# [WHAT YOU SHOULD DO]
In the material below, the required lines run from the one containing "set \<Rightarrow> 'a set \<Rightarrow>" through the one containing "k F \<longleftrightarrow>". Copy those lines exactly, ends included, and nothing else.

################

(* Let $k\ge2$, let $\mathcal{F}\subset 2^{[n]}$ be weakly $k$-cross-free, and let $0\le a\le b\le\log n$ be reals. For each integer $i$ with $a<i\le b$ let $\Gamma_i$ be a collection of pairwise disjoint nonempty chains contained in $\mathcal{F}_i$ such that $\{\max\mathcal{C}:\mathcal{C}\in\Gamma_i\}$ is an antichain, and let $\Gamma_{a,b}=\bigcup_{a<i\le b}\Gamma_i$. For each $\mathcal{C}\in\Gamma_{a,b}$ fix a set $Y(\mathcal{C})$ as described in the context, and for $y\in[n]$ let $d(y)$ be the number of chains $\mathcal{C}\in\Gamma_{a,b}$ with $y\in Y(\mathcal{C})$ and $g(y)$ the number of $k$-tuples of chains in $\Gamma_{a,b}$ that are good for $y$. Then for every $y\in[n]$, $$g(y)\geq \binom{d(y)/(k-1)^{2}}{k}.$$
   Context: Sets $A,B$ are weakly crossing if $A\setminus B$, $B\setminus A$, $A\cap B$ are all non-empty; a family is weakly $k$-cross-free if it contains no $k$ pairwise weakly crossing sets. $\mathcal{F}_i=\{X\in\mathcal{F}:2^i<|X|\le 2^{i+1}\}$. A chain $\mathcal{C}$ is written $\mathcal{C}(1)\subsetneq\dots\subsetneq\mathcal{C}(l)$, $\min\mathcal{C}=\mathcal{C}(1)$, $\max\mathcal{C}=\mathcal{C}(l)$. $Y(\mathcal{C})$ is a set obtained by choosing one element of $\mathcal{C}(1)$ and one element of each difference $\mathcal{C}(j+1)\setminus\mathcal{C}(j)$, $j=1,\dots,l-1$ (so $|Y(\mathcal{C})|=|\mathcal{C}|$). A $k$-tuple $(\mathcal{C}_1,\dots,\mathcal{C}_k)$ of chains in $\Gamma_{a,b}$ with $\mathcal{C}_l\in\Gamma_{j_l}$ for some $j_1<\dots<j_k$ is good for $y$ if (i) $y\in Y(\mathcal{C}_l)$ for all $l\in[k]$, and (ii) letting $C_l$ be the smallest set of $\mathcal{C}_l$ containing $y$, we have $C_1\subset\dots\subset C_k$. Extended binomial coefficient: for real $x$, $\binom{x}{k}=x(x-1)\cdots(x-k+1)/k!$ if $x\ge k-1$ and $0$ otherwise. *)

theory Defs
  imports Complex_Main
begin

definition weakly_crossing :: "'a set \<Rightarrow> 'a set \<Rightarrow> bool" where
  "weakly_crossing A B \<longleftrightarrow> A - B \<noteq> {} \<and> B - A \<noteq> {} \<and> A \<inter> B \<noteq> {}"

definition weakly_k_cross_free :: "nat \<Rightarrow> 'a set set \<Rightarrow> bool" where
  "weakly_k_cross_free k F \<longleftrightarrow>
     \<not> (\<exists>S. S \<subseteq> F \<and> card S = k \<and> pairwise weakly_crossing S)"

definition level :: "'a set set \<Rightarrow> nat \<Rightarrow> 'a set set" where
  "level F i = {X \<in> F. 2 ^ i < card X \<and> card X \<le> 2 ^ (i + 1)}"

definition is_chain :: "'a set set \<Rightarrow> bool" where
  "is_chain C \<longleftrightarrow> (\<forall>X\<in>C. \<forall>Z\<in>C. X \<subseteq> Z \<or> Z \<subseteq> X)"

definition is_antichain :: "'a set set \<Rightarrow> bool" where
  "is_antichain A \<longleftrightarrow> (\<forall>X\<in>A. \<forall>Z\<in>A. X \<subseteq> Z \<longrightarrow> X = Z)"

definition chain_max :: "'a set set \<Rightarrow> 'a set" where
  "chain_max C = (THE X. X \<in> C \<and> (\<forall>Z\<in>C. Z \<subseteq> X))"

################

# [RESULT BELOW]
definition weakly_crossing :: "'a set \<Rightarrow> 'a set \<Rightarrow> bool" where
  "weakly_crossing A B \<longleftrightarrow> A - B \<noteq> {} \<and> B - A \<noteq> {} \<and> A \<inter> B \<noteq> {}"

definition weakly_k_cross_free :: "nat \<Rightarrow> 'a set set \<Rightarrow> bool" where
  "weakly_k_cross_free k F \<longleftrightarrow>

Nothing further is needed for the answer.